Stored data entries:
┌────────

(* Let $n\ge6$ and $m\ge2$. The unique set family of shape $(m^n)$ and type $(m+n-4,\ m+2,\ m+2,\ (m-1)^{n-6},\ (m-2)^3)$ is $\{1,2,\dots,m-2,m+1,m+2\}^{\preceq}\cup\{1,2,\dots,m-2,m-1,m+n-4\}^{\preceq}$. This type is not of the form $(m^n)\star\nu$ for any partition $\nu$ of $n-1$ with at most $m$ parts.
   Context: Majorization: for $m$-subsets $X=\{x_1<\dots<x_m\}$, $Y=\{y_1<\dots<y_m\}$ of $\mathbf{N}$, $X\preceq Y$ if $x_i\le y_i$ for all $i$. For an $m$-subset $A$, the downset $A^{\preceq}$ is the set of all $m$-subsets $X$ of $\mathbf{N}$ with $X\preceq A$. A set family of shape $(m^n)$ is a collection of $n$ distinct $m$-subsets of $\mathbf{N}$; it has type $\lambda$ (largest part $a$, conjugate $\lambda'$) if for each $i\in\{1,\dots,a\}$ exactly $\lambda'_i$ of its sets contain $i$. In the partition above, exponents denote repeated parts, and parts equal to $0$ (when $m=2$) are omitted. For a partition $\nu$ of $n-1$ with $k\le m$ parts, $(m^n)\star\nu$ is the partition obtained from the Young diagram of $(m^n)$ by, for each $1\le i\le k$, deleting $\nu_i$ boxes (from the bottom) of column $m+1-i$ and adding $\nu_i$ boxes to row $i$. *)

theory Defs
  imports Main "HOL-Library.Multiset"
begin

text \<open>Here \<open>\<nat>\<close> is the set of positive integers: an m-subset is a finite set of
  positive naturals with exactly m elements.\<close>
definition msubset :: "nat \<Rightarrow> nat set \<Rightarrow> bool" where
  "msubset m X \<longleftrightarrow> finite X \<and> card X = m \<and> 0 \<notin> X"

definition majorized :: "nat set \<Rightarrow> nat set \<Rightarrow> bool" where
  "majorized X Y \<longleftrightarrow> finite X \<and> finite Y \<and> card X = card Y \<and>
     (\<forall>i < card X. sorted_list_of_set X ! i \<le> sorted_list_of_set Y ! i)"

definition downset :: "nat \<Rightarrow> nat set \<Rightarrow> nat set set" where
  "downset m A = {X. msubset m X \<and> majorized X A}"

definition family_of_shape :: "nat \<Rightarrow> nat \<Rightarrow> nat set set \<Rightarrow> bool" where
  "family_of_shape m n F \<longleftrightarrow> finite F \<and> card F = n \<and> (\<forall>S\<in>F. msubset m S)"

definition is_partition :: "nat list \<Rightarrow> bool" where
  "is_partition lam \<longleftrightarrow> sorted_wrt (\<ge>) lam \<and> (\<forall>p\<in>set lam. 0 < p)"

└────────

§ What is being asked: Every line from the one that contains "(\<forall>i < card" down to and including the last line of the records above must be set down exactly, with nothing else.

§ Answer to the exercise:
     (\<forall>i < card X. sorted_list_of_set X ! i \<le> sorted_list_of_set Y ! i)"

definition downset :: "nat \<Rightarrow> nat set \<Rightarrow> nat set set" where
  "downset m A = {X. msubset m X \<and> majorized X A}"

definition family_of_shape :: "nat \<Rightarrow> nat \<Rightarrow> nat set set \<Rightarrow> bool" where
  "family_of_shape m n F \<longleftrightarrow> finite F \<and> card F = n \<and> (\<forall>S\<in>F. msubset m S)"

definition is_partition :: "nat list \<Rightarrow> bool" where
  "is_partition lam \<longleftrightarrow> sorted_wrt (\<ge>) lam \<and> (\<forall>p\<in>set lam. 0 < p)"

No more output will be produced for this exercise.